组复制里的组可以看成是一个动态视图,不是固定的,以第一个成员执行bootstrap而创建产生,其他成员不断加入/离开而扩大减小,以最后一个成员来开而陨灭。
组复制提供了一系列的表来查询复制状态, 这些表放在performance_schema下:
可以通过以下表来查询组中所有成员的状态和统计信息, 正常情况下, 无论在哪个MySQL服务器上查询都是一样的。
select * from performance_schema.replication_group_members; /*组成员, 及状态;*/
select * from performance_schema.replication_group_member_stats; /*组成员的统计信息;*/
正常情况下, 成员的状态应该都是ONLINE.
[email protected] [tpcc]> select * from performance_schema.replication_group_members;
+---------------------------+--------------------------------------+-------------+-------------+--------------+-------------+----------------+
| CHANNEL_NAME | MEMBER_ID | MEMBER_HOST | MEMBER_PORT | MEMBER_STATE | MEMBER_ROLE | MEMBER_VERSION |
+---------------------------+--------------------------------------+-------------+-------------+--------------+-------------+----------------+
| group_replication_applier | 15f92590-e587-11d4-a2d8-525400401a99 | oceanbase02 | 3306 | ONLINE | PRIMARY | 8.0.19 |
| group_replication_applier | 2f4e8149-e624-11d4-b492-525400bab9b9 | oceanbase03 | 3306 | ONLINE | PRIMARY | 8.0.19 |
| group_replication_applier | 3eed933f-e584-11d4-a71b-525400046468 | oceanbase01 | 3306 | ONLINE | PRIMARY | 8.0.19 |
+---------------------------+--------------------------------------+-------------+-------------+--------------+-------------+----------------+
3 rows in set (0.00 sec)
通常组复制插件会创建如下复制通道(replication channels):
一个channel其实是一个独立的Slave,包含自己的io_thread和sql_thread。

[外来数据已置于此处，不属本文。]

(* Let $\mathbb{G},\mathbb{M}$ be graded groups, $T:\mathbb{G}\to\mathbb{M}$ an injective h-homomorphism and $H=T(\mathbb{G})$. The following are equivalent: (1) there exists a normal homogeneous subgroup $N$ of $\mathbb{M}$ complementary to $H$; (2) there exists an h-epimorphism $p:\mathbb{M}\to H$ with $p|_H=\mathrm{Id}_H$; (3) $T$ is an h-monomorphism.
   Context: Graded group: connected simply connected real Lie group with Lie algebra $V_1\oplus\cdots\oplus V_\iota$, $[V_i,V_j]\subset V_{i+j}$; dilations act by $r^i$ on $V_i$. h-homomorphism: group homomorphism commuting with dilations; h-epimorphism (resp. h-monomorphism): h-homomorphism having a right (resp. left) inverse which is an h-homomorphism. Homogeneous subgroup: closed connected simply connected Lie subgroup invariant under dilations (image $H$ is a homogeneous subgroup, itself a graded group). $N,H$ complementary: $NH=\mathbb{M}$ and $N\cap H=\{e\}$. *)

theory Defs
  imports "HOL-Analysis.Analysis" "HOL-Algebra.Group" "HOL-Algebra.Coset"
begin

fun iter_dderiv :: "'a::euclidean_space list \<Rightarrow> ('a \<Rightarrow> 'b::euclidean_space) \<Rightarrow> 'a \<Rightarrow> 'b" where
  "iter_dderiv [] f = f"
| "iter_dderiv (v # vs) f = (\<lambda>x. frechet_derivative (iter_dderiv vs f) (at x) v)"
(* If $G$ is a connected locally finite quasi-transitive graph with exactly $2$ ends, then there exists a periodic proper edge-coloring of $G$ with $\chi'(G)$ colors.
   Context: A graph is locally finite if every vertex has finite degree; quasi-transitive if $V(G)$ has finitely many orbits under $\mathrm{Aut}(G)$. Ends are equivalence classes of rays (infinite one-way paths), two rays being equivalent if there are infinitely many disjoint paths between them. $\chi'(G)$ is the chromatic index, the minimum number of colors in a proper edge-coloring (adjacent edges get distinct colors). An edge-coloring is periodic if the subgroup of automorphisms of $G$ mapping every edge to an edge of the same color has finitely many orbits on $V(G)$. *)

theory Defs
  imports Main
begin

definition graph :: "'a set \<Rightarrow> ('a \<Rightarrow> 'a \<Rightarrow> bool) \<Rightarrow> bool" where
  "graph V adj \<longleftrightarrow> (\<forall>u v. adj u v \<longrightarrow> u \<in> V \<and> v \<in> V \<and> u \<noteq> v \<and> adj v u)"

definition edges :: "'a set \<Rightarrow> ('a \<Rightarrow> 'a \<Rightarrow> bool) \<Rightarrow> 'a set set" where
  "edges V adj = {{u, v} | u v. u \<in> V \<and> v \<in> V \<and> adj u v}"

definition locally_finite :: "'a set \<Rightarrow> ('a \<Rightarrow> 'a \<Rightarrow> bool) \<Rightarrow> bool" where
  "locally_finite V adj \<longleftrightarrow> (\<forall>v\<in>V. finite {u. adj v u})"

definition connected_graph :: "'a set \<Rightarrow> ('a \<Rightarrow> 'a \<Rightarrow> bool) \<Rightarrow> bool" where
  "connected_graph V adj \<longleftrightarrow> V \<noteq> {} \<and> (\<forall>u\<in>V. \<forall>v\<in>V. adj\<^sup>*\<^sup>* u v)"

definition automorphism :: "'a set \<Rightarrow> ('a \<Rightarrow> 'a \<Rightarrow> bool) \<Rightarrow> ('a \<Rightarrow> 'a) \<Rightarrow> bool" where
  "automorphism V adj f \<longleftrightarrow> bij_betw f V V \<and> (\<forall>u\<in>V. \<forall>v\<in>V. adj u v \<longleftrightarrow> adj (f u) (f v))"

definition orbits :: "'a set \<Rightarrow> ('a \<Rightarrow> 'a) set \<Rightarrow> 'a set set" where
  "orbits V F = {{f v | f. f \<in> F} | v. v \<in> V}"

通过以下语句监控复制的情况(注意, 组复制下, show slave status是没有输出的):
select * from performance_schema.replication_connection_status; /* io_thread状态 */
select * from performance_schema.replication_applier_status; /* sql_thread状态 */
select * from performance_schema.replication_applier_status_by_coordinator; /* 多线程apply, 协调线程的状态(汇总) */
select * from performance_schema.replication_applier_status_by_worker; /* 多线程apply, 每个线程状态 */
正常情况下, “group_replication_recovery” channel是不启动的, “group_replication_applier” channel用来执行来自组成员的事务。
[email protected] [tpcc]> select channel_name, service_state, last_error_number, last_error_message, received_transaction_set, queueing_transaction from performance_schema.replication_connection_status;
+----------------------------+---------------+-------------------+--------------------+----------------------------------------------------------------------------------------------------+----------------------+
| channel_name | service_state | last_error_number | last_error_message | received_transaction_set | queueing_transaction |
+----------------------------+---------------+-------------------+--------------------+----------------------------------------------------------------------------------------------------+----------------------+
| group_replication_applier | ON | 0 | | 3eed933f-e584-11d4-a71b-525400046468:1-4,65e5f89b-770d-4936-b72f-c7a190d5884a:1-9:1000008-1000085 | |
| group_replication_recovery | OFF | 0 | | | |
+----------------------------+---------------+-------------------+--------------------+----------------------------------------------------------------------------------------------------+----------------------+
2 rows in set (0.00 sec)
MySQL Router为应用程序和后端MySQL服务器之间提供透明路由和(MySQL服务器失败后)重定向连接, 它只负责简单的请求的转发, 不会对请求包进行拆封解析; MySQL Router不具有数据复制感知功能,他不知道后端(destinations)中的哪个MySQL服务器是主(primary), 哪个是从(secondary), 或者都是从。所以, MySQL Router不会根据请求包内容(select/update/insert/…)的来路由, 不能简单的依靠MySQL Router来进行读写分离。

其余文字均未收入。